Material supplied section start

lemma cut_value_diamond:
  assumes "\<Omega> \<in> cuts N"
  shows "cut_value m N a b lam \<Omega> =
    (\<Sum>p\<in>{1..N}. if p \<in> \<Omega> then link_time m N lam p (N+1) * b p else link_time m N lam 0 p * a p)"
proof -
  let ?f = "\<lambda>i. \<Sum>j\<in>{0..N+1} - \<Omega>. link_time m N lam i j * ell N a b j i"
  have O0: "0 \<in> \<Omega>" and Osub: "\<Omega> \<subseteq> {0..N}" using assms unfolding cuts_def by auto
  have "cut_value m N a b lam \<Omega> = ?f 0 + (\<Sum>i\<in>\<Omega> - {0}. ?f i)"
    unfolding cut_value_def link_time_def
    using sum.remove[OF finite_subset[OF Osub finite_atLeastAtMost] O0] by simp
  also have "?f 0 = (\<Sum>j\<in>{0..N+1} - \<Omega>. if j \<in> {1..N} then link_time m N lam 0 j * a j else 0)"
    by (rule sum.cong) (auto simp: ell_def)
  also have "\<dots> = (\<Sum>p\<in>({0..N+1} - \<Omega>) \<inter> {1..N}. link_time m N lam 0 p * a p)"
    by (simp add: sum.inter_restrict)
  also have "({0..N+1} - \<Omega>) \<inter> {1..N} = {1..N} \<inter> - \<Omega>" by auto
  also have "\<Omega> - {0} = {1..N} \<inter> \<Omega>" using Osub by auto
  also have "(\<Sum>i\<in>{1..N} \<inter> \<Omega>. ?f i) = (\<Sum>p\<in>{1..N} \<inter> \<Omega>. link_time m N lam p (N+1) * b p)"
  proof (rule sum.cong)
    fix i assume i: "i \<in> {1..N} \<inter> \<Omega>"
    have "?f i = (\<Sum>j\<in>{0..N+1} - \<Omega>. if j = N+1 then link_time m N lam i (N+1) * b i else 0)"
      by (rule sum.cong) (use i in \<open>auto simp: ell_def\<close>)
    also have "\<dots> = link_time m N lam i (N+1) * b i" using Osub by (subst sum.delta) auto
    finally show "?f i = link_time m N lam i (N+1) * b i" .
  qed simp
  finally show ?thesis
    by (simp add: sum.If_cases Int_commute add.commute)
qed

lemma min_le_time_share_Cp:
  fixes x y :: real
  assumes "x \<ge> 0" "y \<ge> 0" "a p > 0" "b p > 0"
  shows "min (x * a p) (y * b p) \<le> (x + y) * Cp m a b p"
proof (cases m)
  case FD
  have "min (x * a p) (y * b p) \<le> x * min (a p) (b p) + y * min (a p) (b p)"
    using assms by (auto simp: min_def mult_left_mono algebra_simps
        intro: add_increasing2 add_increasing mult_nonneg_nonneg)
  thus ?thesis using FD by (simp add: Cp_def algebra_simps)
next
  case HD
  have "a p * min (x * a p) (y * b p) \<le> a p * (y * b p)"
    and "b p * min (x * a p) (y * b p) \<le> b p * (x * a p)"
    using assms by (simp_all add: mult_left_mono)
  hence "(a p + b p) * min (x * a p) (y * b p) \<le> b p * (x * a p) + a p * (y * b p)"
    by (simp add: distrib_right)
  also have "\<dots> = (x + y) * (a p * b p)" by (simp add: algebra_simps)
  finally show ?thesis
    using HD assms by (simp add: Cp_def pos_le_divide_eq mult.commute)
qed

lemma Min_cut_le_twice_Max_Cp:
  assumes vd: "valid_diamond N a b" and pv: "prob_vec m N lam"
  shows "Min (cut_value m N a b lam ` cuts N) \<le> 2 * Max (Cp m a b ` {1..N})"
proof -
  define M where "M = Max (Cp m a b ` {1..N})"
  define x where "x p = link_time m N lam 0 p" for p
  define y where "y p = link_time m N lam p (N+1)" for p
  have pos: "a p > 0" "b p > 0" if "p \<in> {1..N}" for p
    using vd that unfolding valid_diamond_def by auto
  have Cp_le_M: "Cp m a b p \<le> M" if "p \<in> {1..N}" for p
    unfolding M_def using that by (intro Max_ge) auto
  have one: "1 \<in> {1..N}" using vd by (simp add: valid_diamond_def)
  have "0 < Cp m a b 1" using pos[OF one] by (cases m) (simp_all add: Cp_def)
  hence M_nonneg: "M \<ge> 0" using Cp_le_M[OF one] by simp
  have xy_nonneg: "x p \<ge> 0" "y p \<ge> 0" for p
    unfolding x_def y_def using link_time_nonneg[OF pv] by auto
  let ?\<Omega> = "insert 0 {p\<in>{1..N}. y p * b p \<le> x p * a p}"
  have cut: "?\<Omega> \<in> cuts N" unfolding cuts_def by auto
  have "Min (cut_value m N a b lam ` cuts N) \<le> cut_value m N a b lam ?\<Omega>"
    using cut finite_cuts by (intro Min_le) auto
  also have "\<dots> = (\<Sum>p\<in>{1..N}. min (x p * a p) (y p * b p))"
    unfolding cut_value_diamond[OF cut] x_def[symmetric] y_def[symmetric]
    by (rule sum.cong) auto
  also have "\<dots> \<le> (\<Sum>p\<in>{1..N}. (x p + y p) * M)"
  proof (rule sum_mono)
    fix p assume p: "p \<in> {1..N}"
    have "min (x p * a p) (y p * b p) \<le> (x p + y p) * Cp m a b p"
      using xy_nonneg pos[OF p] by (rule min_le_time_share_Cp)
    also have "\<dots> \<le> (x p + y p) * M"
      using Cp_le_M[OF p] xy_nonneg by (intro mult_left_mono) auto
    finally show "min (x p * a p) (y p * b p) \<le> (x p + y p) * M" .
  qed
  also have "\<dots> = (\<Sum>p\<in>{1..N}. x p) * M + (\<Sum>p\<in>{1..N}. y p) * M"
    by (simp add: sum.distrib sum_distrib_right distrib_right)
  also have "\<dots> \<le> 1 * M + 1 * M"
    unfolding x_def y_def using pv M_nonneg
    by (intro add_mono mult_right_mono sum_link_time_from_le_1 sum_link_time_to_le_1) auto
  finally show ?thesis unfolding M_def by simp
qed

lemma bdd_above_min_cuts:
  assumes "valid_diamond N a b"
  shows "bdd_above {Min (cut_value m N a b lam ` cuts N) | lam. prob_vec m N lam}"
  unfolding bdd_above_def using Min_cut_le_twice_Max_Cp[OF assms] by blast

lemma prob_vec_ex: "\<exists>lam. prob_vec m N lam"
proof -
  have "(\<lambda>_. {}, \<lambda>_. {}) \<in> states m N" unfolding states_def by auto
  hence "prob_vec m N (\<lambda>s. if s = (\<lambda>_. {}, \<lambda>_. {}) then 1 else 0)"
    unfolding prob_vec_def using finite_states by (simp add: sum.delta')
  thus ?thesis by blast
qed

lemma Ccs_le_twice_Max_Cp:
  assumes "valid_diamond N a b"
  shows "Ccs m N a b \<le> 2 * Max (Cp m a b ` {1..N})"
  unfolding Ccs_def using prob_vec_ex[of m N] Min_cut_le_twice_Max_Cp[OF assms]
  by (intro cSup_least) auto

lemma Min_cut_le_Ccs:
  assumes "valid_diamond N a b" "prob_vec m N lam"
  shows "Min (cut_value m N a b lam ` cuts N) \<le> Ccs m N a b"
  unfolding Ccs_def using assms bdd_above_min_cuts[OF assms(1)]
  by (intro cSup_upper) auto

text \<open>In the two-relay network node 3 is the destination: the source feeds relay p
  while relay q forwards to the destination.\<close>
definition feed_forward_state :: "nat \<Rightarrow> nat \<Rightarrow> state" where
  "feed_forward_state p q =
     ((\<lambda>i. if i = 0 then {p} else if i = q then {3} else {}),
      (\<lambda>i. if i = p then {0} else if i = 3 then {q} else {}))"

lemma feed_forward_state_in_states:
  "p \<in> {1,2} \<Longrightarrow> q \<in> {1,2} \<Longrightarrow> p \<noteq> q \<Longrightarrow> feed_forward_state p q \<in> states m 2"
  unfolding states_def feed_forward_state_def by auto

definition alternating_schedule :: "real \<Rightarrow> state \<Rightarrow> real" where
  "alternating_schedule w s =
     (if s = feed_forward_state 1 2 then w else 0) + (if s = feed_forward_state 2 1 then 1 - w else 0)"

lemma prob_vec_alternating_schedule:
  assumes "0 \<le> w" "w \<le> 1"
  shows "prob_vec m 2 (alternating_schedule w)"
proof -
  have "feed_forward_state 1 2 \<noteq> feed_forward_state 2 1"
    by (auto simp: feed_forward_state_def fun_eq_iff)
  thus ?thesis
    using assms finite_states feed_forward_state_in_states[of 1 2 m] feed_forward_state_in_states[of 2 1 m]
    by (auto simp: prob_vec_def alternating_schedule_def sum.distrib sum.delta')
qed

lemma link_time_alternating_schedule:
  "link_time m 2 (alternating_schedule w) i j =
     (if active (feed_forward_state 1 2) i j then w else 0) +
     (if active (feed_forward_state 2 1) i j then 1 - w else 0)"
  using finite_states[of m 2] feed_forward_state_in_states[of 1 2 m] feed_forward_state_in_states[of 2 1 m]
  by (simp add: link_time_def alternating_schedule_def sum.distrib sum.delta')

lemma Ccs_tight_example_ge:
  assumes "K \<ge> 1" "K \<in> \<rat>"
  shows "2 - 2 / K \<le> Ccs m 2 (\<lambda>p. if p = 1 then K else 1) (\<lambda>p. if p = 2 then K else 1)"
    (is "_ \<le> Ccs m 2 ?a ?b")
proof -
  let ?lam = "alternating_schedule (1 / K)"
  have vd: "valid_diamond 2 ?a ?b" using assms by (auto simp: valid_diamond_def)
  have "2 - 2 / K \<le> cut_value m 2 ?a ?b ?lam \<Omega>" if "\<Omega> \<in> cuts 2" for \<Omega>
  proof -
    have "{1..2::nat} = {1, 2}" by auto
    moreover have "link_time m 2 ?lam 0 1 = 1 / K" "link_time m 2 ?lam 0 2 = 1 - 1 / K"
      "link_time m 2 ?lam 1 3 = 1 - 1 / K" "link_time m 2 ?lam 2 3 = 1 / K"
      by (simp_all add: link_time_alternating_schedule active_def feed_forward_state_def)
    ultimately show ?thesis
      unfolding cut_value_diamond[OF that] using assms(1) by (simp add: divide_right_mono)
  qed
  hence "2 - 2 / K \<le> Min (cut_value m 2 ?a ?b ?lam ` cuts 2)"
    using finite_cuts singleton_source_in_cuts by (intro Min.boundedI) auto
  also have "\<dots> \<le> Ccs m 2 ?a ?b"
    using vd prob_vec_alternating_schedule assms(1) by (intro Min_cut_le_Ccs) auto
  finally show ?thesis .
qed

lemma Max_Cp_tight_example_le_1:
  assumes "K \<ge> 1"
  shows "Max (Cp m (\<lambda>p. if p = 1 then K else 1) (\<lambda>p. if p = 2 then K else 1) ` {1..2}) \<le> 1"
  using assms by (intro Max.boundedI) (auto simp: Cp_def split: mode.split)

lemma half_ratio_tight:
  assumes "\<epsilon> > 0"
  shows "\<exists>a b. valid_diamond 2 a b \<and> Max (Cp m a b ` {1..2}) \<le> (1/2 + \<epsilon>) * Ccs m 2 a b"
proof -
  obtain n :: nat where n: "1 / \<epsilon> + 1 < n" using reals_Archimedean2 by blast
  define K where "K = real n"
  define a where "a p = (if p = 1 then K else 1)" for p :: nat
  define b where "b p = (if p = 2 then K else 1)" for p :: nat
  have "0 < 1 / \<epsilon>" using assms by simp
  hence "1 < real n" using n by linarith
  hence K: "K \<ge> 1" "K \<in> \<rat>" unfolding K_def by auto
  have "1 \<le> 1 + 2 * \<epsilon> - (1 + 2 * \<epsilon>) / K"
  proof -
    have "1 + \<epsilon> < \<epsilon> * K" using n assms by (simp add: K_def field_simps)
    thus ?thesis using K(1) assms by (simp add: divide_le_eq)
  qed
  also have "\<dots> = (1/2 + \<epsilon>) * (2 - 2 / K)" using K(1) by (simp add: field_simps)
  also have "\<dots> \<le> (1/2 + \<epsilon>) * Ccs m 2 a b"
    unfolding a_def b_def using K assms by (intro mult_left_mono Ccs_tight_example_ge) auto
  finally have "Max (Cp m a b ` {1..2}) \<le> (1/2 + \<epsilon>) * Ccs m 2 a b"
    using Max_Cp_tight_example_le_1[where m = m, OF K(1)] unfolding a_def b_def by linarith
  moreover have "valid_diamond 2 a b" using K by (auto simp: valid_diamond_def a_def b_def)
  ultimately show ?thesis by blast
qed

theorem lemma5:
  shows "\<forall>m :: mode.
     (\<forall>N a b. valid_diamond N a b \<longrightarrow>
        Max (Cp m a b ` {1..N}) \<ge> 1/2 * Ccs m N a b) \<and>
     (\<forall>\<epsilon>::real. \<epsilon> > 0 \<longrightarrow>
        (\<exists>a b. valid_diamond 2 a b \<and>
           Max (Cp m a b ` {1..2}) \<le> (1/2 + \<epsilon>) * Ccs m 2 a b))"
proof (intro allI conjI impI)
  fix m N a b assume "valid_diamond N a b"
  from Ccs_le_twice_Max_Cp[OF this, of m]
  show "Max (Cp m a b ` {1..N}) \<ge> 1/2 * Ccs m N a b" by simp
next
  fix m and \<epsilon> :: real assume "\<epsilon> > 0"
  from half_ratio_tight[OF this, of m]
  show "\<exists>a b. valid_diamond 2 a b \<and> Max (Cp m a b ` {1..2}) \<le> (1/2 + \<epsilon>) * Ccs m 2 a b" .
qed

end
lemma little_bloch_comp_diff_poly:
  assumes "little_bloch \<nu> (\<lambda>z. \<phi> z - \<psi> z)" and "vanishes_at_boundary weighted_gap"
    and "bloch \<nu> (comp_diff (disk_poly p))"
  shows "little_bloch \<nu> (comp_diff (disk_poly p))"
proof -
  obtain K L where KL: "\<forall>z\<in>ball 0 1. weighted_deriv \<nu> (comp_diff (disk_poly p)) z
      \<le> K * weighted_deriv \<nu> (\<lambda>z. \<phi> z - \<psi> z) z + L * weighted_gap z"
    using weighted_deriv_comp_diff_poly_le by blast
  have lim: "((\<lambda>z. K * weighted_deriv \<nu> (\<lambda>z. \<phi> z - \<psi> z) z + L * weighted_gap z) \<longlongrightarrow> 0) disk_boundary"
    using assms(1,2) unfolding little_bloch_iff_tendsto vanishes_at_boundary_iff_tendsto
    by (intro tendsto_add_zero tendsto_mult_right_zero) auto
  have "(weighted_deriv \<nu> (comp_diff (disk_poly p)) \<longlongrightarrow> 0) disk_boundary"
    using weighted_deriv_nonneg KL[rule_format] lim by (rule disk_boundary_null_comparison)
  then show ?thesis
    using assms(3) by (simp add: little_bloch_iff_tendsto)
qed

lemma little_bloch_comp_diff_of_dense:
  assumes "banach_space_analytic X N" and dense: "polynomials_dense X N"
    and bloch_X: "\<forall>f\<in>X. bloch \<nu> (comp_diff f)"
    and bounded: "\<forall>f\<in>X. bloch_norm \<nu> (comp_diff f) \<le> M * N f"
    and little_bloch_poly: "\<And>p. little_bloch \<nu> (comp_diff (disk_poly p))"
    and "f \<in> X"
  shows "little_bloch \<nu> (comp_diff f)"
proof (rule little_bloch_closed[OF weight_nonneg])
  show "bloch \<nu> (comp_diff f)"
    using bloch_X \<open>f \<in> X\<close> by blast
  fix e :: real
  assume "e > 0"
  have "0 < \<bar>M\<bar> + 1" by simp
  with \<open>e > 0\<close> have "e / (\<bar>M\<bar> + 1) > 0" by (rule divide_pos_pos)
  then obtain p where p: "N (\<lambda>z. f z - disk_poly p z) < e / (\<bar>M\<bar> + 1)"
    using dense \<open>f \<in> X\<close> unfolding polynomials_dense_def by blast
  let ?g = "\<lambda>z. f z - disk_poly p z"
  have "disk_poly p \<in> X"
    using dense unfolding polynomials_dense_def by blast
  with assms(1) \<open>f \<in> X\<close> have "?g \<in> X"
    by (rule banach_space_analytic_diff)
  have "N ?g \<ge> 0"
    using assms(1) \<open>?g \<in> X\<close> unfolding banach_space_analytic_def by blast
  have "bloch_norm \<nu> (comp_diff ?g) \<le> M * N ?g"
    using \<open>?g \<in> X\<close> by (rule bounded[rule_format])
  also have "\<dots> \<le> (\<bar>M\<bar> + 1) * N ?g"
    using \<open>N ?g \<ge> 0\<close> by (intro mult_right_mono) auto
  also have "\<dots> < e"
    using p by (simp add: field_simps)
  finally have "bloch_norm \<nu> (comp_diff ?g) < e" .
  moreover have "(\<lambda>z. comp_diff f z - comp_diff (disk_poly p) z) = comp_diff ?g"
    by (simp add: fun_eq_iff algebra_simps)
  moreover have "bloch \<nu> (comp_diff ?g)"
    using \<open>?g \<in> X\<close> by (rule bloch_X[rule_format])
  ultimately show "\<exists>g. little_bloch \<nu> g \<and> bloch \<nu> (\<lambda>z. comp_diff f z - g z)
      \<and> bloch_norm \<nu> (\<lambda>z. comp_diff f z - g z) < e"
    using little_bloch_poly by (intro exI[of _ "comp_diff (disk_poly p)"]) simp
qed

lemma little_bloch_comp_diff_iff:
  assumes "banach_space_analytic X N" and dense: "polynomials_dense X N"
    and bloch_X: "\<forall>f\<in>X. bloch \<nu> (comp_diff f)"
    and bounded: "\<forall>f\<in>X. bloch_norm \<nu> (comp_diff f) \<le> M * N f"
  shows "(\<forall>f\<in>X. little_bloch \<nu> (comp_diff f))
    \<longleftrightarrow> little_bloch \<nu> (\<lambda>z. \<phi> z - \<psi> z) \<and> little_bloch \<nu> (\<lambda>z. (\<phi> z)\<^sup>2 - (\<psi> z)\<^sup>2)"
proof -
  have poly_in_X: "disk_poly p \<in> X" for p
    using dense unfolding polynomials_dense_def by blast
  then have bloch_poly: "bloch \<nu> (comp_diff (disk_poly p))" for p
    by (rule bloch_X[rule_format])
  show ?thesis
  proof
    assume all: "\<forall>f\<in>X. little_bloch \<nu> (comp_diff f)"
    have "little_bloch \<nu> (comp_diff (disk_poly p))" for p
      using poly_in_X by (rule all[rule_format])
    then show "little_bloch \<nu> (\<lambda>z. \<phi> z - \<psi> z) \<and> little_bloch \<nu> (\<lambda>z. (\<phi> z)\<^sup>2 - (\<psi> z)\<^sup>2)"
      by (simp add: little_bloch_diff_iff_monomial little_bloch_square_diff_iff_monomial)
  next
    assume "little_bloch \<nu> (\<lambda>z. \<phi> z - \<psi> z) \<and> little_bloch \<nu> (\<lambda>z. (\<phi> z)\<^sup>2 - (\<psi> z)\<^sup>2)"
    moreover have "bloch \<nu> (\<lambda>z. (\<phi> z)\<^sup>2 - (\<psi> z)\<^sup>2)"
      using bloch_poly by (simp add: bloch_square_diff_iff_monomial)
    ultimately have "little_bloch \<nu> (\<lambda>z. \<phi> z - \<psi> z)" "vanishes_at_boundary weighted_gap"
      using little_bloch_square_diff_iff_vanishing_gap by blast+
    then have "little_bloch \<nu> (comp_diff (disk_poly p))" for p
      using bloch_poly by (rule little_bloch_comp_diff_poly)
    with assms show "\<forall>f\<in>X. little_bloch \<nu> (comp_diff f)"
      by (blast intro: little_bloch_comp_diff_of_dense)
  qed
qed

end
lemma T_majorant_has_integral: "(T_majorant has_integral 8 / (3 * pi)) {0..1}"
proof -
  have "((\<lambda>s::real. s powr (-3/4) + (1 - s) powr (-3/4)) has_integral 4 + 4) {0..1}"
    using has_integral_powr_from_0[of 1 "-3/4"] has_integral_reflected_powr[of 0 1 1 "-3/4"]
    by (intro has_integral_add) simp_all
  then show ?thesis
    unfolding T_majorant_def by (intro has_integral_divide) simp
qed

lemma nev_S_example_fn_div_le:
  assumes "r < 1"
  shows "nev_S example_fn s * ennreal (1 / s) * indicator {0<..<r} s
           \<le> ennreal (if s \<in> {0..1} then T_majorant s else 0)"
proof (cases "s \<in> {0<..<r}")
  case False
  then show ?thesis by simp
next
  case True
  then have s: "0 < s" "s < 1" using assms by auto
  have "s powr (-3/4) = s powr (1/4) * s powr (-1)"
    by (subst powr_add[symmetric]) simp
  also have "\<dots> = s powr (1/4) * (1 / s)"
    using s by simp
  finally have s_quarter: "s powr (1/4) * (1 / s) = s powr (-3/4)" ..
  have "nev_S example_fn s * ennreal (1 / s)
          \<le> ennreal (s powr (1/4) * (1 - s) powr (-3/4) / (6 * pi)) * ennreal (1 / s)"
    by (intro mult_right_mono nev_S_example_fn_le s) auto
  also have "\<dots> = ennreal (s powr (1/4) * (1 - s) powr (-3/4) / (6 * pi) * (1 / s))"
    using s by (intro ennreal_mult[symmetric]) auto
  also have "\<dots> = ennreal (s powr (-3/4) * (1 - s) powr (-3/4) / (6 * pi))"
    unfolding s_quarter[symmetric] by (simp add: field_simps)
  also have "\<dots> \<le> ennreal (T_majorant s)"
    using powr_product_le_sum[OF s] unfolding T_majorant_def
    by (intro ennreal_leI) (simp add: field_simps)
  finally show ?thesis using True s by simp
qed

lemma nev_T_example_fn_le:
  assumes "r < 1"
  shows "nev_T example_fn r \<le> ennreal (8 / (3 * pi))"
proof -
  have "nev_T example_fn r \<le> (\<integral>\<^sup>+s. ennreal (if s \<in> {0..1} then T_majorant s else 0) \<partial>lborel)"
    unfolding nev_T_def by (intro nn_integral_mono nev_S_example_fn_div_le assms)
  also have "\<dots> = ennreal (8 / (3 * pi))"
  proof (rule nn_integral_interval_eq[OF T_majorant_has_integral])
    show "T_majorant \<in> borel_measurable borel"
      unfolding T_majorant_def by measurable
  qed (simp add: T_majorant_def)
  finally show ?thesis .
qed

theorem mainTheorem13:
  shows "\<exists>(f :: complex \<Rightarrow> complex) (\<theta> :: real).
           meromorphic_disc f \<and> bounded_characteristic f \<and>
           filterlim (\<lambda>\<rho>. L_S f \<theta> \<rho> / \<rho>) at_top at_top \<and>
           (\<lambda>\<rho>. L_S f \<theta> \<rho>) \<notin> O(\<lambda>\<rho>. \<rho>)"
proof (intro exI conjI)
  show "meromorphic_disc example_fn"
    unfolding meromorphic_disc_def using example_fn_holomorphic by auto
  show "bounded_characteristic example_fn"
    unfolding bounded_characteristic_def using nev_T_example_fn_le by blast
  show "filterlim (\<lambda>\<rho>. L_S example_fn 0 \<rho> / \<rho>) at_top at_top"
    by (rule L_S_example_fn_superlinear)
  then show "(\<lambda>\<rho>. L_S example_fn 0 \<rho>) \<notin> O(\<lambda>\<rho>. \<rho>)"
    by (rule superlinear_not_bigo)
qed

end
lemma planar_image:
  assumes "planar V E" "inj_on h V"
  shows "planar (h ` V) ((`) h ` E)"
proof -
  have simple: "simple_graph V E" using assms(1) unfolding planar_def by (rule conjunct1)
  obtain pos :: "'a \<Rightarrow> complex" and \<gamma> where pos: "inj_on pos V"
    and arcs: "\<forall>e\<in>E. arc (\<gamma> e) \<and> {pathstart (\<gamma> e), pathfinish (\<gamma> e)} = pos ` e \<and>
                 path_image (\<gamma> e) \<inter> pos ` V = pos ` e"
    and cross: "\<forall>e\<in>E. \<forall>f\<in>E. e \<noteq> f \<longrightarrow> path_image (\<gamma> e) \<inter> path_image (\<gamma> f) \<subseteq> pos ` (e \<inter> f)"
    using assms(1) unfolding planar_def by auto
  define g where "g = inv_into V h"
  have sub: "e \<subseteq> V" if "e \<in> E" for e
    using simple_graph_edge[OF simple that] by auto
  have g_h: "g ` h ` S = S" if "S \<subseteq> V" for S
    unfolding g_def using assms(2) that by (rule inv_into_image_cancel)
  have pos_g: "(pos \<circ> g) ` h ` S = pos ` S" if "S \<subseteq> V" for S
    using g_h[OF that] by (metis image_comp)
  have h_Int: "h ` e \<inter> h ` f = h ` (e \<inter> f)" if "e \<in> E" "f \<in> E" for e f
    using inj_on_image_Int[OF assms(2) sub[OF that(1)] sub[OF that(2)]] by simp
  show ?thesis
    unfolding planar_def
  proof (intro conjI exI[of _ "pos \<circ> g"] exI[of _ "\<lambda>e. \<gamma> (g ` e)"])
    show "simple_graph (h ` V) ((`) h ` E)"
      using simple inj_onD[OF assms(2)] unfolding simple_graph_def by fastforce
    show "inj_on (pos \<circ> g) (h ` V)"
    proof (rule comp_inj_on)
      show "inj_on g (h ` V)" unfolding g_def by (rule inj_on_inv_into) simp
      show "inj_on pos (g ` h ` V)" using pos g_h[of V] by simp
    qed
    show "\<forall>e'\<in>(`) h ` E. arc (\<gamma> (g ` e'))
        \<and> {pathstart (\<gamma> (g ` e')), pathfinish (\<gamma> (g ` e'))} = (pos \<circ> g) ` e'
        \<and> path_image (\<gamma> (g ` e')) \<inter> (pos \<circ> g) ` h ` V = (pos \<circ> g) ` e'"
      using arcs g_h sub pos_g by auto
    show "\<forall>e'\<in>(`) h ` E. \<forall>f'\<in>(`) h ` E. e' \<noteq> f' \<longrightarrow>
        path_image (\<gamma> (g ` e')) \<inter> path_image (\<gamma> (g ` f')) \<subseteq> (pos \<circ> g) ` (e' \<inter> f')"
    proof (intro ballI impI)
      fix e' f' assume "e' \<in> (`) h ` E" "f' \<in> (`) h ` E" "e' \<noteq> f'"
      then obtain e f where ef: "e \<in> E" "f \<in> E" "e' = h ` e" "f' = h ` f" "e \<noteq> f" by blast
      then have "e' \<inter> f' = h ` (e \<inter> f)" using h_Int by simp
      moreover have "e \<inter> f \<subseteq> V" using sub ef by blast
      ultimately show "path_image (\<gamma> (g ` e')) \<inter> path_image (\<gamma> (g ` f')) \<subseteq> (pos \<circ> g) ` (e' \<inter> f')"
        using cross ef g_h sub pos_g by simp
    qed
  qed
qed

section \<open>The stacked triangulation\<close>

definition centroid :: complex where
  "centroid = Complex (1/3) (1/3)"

Material supplied section end

# [What the task requires]
From the records above, print only the lines between the one holding "example_fn 0 \<rho> /" and the one holding "path_image (\<gamma> e) \<inter> pos", inclusive, exactly as they stand.

# [Expected answer]
  show "filterlim (\<lambda>\<rho>. L_S example_fn 0 \<rho> / \<rho>) at_top at_top"
    by (rule L_S_example_fn_superlinear)
  then show "(\<lambda>\<rho>. L_S example_fn 0 \<rho>) \<notin> O(\<lambda>\<rho>. \<rho>)"
    by (rule superlinear_not_bigo)
qed

end
lemma planar_image:
  assumes "planar V E" "inj_on h V"
  shows "planar (h ` V) ((`) h ` E)"
proof -
  have simple: "simple_graph V E" using assms(1) unfolding planar_def by (rule conjunct1)
  obtain pos :: "'a \<Rightarrow> complex" and \<gamma> where pos: "inj_on pos V"
    and arcs: "\<forall>e\<in>E. arc (\<gamma> e) \<and> {pathstart (\<gamma> e), pathfinish (\<gamma> e)} = pos ` e \<and>
                 path_image (\<gamma> e) \<inter> pos ` V = pos ` e"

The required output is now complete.